# Source information

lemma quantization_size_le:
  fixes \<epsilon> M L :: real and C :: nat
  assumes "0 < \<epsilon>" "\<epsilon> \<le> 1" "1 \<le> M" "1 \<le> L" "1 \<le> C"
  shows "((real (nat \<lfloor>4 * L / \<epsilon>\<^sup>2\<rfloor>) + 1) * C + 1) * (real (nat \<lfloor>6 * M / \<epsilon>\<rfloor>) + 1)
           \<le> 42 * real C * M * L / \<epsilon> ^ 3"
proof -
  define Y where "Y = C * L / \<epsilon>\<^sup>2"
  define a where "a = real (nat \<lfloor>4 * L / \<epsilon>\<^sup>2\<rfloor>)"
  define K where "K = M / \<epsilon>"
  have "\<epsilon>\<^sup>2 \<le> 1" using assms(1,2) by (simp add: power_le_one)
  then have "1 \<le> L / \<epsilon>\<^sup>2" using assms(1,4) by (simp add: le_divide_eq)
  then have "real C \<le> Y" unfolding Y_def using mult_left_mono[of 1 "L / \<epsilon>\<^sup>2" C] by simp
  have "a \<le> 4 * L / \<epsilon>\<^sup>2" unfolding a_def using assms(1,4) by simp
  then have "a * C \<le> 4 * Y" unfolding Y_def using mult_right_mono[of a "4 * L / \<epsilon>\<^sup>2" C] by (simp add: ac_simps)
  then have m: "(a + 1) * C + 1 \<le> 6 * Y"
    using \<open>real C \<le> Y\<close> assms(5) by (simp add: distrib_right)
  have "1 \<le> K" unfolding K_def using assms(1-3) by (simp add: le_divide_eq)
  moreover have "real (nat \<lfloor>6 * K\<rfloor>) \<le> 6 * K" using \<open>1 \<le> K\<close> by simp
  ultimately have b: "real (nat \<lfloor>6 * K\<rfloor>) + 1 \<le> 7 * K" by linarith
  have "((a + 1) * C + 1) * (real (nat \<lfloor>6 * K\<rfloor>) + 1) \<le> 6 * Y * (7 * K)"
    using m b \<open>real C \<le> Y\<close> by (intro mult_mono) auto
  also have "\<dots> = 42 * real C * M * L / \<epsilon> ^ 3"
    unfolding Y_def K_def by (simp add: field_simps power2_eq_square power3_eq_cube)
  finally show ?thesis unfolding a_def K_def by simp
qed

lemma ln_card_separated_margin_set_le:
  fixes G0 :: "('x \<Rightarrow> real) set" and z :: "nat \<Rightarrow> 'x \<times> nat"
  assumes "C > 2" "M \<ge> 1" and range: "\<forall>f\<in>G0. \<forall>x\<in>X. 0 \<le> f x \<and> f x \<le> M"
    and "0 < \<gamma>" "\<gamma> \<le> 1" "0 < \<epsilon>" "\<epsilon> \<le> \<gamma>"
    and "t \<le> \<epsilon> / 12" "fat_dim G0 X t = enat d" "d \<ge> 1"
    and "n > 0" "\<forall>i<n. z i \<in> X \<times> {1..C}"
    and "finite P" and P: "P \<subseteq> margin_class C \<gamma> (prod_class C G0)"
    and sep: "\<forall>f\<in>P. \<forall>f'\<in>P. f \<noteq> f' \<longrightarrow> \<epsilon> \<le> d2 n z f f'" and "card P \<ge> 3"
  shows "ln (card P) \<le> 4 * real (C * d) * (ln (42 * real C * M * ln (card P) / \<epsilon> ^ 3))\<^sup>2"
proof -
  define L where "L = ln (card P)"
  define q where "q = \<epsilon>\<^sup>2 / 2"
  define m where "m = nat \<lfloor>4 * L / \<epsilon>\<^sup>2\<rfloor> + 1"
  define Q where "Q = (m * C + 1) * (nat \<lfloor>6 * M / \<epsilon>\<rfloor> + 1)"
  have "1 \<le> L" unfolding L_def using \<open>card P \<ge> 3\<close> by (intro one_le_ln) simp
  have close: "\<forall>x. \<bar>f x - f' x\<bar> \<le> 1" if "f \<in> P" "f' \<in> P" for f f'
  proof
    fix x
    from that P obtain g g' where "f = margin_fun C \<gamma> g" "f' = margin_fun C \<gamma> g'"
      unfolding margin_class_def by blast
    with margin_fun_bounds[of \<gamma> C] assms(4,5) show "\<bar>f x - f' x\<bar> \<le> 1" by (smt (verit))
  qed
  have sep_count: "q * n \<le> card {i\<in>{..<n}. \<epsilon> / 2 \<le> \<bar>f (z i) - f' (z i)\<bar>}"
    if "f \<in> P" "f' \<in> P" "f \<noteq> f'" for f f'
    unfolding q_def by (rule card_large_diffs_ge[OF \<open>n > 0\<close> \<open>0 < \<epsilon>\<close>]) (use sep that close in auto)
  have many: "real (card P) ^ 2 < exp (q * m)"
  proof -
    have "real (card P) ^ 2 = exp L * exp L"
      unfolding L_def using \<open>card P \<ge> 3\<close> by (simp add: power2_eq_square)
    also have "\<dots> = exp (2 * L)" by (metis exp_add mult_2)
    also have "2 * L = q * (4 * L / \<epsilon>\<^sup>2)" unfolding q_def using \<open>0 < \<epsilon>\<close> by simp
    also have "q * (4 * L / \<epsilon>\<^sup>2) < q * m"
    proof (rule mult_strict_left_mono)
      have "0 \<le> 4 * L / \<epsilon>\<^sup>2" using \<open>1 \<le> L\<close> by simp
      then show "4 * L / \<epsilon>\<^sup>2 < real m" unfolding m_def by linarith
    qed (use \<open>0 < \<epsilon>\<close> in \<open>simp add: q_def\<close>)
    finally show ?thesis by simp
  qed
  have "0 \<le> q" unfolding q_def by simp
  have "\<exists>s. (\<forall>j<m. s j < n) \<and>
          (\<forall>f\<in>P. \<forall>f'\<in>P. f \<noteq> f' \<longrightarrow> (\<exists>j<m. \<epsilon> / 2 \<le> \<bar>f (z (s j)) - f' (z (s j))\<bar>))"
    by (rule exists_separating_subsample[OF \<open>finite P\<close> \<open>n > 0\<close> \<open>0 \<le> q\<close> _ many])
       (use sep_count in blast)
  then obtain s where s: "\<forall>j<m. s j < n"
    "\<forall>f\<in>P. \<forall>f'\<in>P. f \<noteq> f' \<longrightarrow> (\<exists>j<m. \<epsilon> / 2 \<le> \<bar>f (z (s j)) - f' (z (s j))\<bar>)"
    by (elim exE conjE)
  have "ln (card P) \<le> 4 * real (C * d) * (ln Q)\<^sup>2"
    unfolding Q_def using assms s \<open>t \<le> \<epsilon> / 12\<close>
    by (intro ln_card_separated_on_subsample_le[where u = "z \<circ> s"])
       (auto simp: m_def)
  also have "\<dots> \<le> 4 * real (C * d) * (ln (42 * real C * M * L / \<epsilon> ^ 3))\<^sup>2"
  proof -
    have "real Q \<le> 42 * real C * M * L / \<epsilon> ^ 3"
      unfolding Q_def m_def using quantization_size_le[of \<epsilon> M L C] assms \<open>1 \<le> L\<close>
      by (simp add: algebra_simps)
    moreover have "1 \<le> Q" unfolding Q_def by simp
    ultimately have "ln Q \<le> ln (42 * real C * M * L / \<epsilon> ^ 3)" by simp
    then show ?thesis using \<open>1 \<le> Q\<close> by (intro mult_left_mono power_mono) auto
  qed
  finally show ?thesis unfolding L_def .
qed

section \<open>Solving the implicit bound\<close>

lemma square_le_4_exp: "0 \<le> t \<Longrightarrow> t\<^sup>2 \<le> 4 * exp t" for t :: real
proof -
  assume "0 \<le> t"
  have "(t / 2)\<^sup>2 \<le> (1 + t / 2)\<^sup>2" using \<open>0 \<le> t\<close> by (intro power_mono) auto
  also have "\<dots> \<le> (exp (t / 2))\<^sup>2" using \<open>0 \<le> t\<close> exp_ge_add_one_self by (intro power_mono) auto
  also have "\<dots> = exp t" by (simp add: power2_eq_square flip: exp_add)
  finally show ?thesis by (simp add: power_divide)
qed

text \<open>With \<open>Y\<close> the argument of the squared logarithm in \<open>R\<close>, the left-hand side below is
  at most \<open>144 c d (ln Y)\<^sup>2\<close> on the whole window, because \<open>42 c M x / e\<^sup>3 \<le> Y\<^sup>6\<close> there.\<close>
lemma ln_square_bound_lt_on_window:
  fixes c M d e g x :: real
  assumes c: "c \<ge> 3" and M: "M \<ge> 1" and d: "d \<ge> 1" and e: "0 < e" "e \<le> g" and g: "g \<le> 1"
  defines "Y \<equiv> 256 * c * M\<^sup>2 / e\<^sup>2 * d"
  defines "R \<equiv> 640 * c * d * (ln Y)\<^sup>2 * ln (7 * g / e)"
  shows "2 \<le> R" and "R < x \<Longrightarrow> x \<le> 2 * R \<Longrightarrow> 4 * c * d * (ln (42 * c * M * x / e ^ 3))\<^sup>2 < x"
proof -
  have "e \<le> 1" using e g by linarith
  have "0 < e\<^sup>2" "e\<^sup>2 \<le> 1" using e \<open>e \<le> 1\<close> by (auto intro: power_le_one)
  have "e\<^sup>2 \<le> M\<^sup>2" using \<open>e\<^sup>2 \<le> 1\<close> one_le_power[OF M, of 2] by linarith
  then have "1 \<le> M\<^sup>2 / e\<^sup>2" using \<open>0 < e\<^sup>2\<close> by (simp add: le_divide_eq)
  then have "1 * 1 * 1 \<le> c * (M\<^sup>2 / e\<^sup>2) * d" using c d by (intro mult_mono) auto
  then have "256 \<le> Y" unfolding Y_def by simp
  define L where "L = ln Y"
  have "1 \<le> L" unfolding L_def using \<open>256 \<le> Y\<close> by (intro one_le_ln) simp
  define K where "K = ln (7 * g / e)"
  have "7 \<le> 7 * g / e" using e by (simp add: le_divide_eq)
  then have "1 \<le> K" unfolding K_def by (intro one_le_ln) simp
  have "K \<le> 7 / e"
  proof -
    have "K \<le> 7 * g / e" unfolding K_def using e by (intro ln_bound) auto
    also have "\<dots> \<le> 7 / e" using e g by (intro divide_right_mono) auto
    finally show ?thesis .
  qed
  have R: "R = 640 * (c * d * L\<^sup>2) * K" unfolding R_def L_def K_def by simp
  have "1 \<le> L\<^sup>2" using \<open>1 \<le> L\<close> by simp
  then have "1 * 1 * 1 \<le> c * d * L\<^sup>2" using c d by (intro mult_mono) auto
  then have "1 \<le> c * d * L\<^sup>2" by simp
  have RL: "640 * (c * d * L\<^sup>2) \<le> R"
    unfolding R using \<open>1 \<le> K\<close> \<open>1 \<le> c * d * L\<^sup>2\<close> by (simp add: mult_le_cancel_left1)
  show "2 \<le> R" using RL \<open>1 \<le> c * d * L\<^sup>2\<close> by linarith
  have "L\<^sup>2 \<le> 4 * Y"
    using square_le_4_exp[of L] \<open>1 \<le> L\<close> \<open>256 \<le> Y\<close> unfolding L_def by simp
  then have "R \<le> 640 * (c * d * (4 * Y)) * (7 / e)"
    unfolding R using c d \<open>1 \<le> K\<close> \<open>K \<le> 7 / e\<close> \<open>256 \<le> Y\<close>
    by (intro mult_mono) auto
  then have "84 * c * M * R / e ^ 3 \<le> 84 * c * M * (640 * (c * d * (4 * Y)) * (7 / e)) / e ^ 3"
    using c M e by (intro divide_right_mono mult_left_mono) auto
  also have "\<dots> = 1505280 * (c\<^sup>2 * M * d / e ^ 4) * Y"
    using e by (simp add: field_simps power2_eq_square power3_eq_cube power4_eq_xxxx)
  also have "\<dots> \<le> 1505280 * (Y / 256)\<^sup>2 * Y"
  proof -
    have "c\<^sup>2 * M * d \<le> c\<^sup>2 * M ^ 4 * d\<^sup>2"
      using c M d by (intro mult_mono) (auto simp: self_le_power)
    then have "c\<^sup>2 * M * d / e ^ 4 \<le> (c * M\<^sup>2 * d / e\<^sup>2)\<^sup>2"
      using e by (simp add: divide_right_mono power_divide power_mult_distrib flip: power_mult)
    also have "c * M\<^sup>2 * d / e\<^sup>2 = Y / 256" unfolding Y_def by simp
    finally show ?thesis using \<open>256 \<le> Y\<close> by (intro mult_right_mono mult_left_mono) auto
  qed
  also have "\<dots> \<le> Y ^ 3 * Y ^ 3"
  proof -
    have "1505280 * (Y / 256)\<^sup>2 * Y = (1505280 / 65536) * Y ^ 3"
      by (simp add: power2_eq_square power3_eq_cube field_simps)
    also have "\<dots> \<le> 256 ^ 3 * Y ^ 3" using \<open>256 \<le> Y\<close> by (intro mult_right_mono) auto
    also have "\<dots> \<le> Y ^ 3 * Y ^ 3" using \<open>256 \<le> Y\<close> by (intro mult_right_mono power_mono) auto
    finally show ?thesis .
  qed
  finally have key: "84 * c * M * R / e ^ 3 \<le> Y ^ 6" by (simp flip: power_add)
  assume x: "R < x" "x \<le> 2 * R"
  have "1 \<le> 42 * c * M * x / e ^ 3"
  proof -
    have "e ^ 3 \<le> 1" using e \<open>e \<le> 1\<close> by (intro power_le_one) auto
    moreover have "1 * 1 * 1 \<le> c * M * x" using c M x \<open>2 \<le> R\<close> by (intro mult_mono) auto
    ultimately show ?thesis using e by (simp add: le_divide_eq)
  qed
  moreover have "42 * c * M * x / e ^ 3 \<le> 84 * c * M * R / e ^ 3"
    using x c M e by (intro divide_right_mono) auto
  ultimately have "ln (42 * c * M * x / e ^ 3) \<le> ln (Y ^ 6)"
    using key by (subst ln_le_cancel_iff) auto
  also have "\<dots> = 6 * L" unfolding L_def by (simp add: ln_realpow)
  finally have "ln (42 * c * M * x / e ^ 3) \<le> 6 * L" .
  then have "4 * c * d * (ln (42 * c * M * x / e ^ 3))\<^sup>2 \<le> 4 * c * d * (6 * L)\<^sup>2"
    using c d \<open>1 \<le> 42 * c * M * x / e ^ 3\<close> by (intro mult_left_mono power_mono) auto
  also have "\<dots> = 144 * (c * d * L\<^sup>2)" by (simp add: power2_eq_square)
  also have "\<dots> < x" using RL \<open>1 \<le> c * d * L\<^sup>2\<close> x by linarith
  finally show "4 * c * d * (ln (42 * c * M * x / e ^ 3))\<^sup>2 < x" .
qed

...

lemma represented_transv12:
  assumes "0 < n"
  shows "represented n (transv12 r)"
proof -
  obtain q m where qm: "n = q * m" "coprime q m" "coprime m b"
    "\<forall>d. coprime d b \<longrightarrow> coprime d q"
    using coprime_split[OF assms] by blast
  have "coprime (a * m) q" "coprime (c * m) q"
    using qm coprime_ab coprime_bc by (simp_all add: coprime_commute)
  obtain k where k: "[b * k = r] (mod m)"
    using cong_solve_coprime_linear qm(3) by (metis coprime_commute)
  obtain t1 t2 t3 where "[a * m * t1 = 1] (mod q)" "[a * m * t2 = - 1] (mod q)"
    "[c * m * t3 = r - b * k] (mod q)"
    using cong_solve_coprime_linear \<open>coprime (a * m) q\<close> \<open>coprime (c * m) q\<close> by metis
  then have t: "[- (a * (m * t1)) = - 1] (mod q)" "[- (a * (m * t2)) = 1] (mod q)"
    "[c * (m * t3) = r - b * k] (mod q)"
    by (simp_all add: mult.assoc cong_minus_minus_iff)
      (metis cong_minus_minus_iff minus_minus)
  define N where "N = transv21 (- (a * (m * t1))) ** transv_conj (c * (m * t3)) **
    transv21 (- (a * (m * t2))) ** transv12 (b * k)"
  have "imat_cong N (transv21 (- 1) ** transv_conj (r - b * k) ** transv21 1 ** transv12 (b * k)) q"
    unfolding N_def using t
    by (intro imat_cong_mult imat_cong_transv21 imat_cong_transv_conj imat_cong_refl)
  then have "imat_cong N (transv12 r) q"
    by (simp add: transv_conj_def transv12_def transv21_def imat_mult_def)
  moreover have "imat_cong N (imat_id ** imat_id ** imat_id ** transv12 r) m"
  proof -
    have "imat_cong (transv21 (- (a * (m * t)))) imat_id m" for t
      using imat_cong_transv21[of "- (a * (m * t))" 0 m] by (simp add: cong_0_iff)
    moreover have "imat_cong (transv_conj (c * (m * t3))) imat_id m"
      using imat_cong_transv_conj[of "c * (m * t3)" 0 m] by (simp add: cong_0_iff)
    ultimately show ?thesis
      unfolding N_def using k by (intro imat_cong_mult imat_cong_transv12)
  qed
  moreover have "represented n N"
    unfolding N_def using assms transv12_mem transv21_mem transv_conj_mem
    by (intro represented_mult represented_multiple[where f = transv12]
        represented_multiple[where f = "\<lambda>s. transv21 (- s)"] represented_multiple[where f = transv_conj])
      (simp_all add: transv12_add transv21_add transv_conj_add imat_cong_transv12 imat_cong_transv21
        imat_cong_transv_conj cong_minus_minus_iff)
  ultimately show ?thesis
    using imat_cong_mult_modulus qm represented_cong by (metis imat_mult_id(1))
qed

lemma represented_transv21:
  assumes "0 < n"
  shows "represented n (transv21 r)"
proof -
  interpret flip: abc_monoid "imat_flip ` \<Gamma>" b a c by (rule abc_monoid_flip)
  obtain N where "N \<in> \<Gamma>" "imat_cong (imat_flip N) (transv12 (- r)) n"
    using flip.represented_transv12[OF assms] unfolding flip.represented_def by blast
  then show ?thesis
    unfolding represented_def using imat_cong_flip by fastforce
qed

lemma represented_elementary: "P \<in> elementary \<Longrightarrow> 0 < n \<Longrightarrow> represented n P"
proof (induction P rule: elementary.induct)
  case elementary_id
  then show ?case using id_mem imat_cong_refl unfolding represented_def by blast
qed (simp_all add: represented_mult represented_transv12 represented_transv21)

...

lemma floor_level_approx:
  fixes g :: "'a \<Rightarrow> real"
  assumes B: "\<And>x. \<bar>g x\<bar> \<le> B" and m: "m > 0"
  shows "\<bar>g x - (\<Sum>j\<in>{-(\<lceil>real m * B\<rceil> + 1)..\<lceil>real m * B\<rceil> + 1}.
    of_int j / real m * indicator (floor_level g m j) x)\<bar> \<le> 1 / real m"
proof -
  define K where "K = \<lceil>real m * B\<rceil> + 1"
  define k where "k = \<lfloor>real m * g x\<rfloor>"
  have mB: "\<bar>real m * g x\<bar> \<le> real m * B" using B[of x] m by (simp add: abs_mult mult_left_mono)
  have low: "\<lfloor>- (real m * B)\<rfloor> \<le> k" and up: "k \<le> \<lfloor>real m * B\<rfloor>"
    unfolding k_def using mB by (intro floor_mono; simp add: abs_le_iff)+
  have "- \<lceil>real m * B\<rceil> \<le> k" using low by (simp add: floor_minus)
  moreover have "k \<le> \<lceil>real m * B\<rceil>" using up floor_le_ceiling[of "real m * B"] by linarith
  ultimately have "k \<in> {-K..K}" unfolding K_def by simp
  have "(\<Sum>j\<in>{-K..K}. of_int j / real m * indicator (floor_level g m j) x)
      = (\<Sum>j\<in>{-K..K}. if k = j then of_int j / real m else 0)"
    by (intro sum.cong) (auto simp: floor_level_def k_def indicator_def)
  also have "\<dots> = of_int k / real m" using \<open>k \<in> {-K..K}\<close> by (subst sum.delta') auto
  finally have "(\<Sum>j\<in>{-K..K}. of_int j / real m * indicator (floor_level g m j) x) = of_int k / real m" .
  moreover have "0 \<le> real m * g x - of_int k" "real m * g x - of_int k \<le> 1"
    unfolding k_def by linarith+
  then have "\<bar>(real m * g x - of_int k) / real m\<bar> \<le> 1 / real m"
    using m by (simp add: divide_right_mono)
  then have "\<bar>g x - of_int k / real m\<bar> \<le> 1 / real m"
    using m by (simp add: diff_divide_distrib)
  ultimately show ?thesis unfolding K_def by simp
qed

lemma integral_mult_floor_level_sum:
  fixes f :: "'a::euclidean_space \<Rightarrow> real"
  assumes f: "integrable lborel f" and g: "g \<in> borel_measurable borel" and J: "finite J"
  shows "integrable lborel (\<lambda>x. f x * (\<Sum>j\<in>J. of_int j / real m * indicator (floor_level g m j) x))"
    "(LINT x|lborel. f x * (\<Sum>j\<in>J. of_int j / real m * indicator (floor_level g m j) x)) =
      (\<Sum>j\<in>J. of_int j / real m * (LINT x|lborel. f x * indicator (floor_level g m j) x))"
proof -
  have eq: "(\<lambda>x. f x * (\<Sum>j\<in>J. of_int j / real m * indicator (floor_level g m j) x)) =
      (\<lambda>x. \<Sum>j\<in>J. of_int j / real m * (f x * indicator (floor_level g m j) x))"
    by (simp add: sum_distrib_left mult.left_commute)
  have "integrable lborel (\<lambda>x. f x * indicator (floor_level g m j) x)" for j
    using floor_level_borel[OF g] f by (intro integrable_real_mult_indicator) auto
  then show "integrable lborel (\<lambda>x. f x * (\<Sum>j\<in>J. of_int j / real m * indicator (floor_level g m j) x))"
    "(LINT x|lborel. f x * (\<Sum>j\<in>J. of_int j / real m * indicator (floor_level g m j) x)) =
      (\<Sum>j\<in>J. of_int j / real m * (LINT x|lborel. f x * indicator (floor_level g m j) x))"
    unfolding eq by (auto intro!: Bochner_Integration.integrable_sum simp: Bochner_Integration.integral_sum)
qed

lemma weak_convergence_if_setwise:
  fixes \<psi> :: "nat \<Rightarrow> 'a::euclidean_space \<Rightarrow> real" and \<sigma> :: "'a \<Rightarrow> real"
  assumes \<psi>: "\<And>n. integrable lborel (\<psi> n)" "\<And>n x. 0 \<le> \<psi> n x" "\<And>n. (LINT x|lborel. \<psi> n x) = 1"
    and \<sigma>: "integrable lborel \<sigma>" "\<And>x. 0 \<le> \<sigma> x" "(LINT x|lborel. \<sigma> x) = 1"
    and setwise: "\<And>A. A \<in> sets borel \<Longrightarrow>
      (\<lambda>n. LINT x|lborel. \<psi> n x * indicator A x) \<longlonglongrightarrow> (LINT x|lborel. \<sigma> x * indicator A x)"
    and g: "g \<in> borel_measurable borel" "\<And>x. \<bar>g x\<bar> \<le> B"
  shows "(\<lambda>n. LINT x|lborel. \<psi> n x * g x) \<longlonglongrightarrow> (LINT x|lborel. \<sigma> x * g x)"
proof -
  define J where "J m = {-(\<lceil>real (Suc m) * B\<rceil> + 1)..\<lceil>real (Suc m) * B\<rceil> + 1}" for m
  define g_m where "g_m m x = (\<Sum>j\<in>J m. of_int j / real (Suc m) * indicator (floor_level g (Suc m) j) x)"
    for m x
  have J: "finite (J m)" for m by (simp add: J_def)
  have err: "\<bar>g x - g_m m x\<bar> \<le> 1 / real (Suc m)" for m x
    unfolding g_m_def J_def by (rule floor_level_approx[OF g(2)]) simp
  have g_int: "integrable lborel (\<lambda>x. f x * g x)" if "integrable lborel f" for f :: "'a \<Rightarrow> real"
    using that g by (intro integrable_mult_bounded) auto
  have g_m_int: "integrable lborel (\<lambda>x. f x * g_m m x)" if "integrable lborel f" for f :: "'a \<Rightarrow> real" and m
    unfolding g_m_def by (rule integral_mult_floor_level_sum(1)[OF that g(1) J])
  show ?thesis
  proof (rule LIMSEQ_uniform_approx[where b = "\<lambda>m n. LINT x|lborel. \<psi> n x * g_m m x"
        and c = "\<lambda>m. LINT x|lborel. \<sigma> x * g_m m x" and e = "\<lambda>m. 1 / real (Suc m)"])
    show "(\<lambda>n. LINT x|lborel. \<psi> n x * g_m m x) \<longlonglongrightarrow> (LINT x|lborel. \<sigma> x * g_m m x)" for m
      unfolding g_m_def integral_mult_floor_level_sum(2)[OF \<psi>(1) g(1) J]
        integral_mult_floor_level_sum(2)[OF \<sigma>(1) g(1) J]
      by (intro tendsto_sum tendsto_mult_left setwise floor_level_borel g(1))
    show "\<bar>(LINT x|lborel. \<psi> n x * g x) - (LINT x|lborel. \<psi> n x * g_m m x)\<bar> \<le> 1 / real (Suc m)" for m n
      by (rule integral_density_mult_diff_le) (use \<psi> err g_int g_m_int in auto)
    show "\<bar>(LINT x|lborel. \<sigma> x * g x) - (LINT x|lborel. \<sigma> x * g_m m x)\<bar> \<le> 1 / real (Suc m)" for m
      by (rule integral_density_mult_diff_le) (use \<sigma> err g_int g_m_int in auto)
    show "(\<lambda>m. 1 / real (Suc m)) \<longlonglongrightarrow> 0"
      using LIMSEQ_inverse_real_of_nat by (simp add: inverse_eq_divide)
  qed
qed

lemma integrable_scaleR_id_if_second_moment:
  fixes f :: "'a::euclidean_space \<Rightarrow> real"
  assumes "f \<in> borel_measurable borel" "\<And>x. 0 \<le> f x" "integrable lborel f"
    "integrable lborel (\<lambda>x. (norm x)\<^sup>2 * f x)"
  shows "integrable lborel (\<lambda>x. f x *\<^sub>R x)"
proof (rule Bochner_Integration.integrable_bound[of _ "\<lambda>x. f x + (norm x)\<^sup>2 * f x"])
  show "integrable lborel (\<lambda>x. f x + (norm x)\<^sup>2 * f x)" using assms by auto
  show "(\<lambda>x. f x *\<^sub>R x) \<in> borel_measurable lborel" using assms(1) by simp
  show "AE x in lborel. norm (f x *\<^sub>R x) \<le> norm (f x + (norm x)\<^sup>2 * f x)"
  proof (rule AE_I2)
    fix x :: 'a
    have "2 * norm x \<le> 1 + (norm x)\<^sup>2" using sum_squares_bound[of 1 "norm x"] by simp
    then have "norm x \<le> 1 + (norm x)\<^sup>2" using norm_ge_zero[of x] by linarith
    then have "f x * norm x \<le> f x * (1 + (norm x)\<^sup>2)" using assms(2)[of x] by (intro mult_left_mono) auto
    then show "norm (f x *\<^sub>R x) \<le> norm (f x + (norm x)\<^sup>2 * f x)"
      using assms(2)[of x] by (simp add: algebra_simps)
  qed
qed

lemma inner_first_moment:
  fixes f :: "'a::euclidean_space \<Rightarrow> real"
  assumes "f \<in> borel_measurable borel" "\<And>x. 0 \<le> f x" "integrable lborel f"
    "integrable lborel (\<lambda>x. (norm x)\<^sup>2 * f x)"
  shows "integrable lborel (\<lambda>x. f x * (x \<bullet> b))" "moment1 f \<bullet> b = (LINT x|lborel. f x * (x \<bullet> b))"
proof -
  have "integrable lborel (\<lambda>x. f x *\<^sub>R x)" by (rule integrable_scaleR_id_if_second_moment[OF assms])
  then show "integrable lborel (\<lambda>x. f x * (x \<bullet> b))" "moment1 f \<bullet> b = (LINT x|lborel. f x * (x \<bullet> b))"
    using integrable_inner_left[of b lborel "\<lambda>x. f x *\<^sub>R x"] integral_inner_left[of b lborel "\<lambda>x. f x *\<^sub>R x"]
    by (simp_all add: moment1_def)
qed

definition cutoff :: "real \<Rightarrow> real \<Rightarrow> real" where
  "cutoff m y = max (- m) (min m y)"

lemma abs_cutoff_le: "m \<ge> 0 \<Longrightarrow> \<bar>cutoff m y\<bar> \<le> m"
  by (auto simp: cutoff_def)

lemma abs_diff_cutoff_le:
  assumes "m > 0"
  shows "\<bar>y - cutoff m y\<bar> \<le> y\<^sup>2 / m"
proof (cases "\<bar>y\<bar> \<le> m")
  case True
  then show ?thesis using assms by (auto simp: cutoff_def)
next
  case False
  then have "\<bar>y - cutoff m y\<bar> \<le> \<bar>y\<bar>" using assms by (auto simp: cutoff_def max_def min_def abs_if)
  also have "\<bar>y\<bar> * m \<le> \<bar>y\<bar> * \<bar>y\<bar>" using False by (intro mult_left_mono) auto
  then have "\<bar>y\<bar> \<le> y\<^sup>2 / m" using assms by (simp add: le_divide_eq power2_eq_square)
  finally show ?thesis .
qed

# What you are asked to do
All lines above that contain the word "lceil" are to be copied.

# Response area
  shows "\<bar>g x - (\<Sum>j\<in>{-(\<lceil>real m * B\<rceil> + 1)..\<lceil>real m * B\<rceil> + 1}.
  define K where "K = \<lceil>real m * B\<rceil> + 1"
  have "- \<lceil>real m * B\<rceil> \<le> k" using low by (simp add: floor_minus)
  moreover have "k \<le> \<lceil>real m * B\<rceil>" using up floor_le_ceiling[of "real m * B"] by linarith
  define J where "J m = {-(\<lceil>real (Suc m) * B\<rceil> + 1)..\<lceil>real (Suc m) * B\<rceil> + 1}" for m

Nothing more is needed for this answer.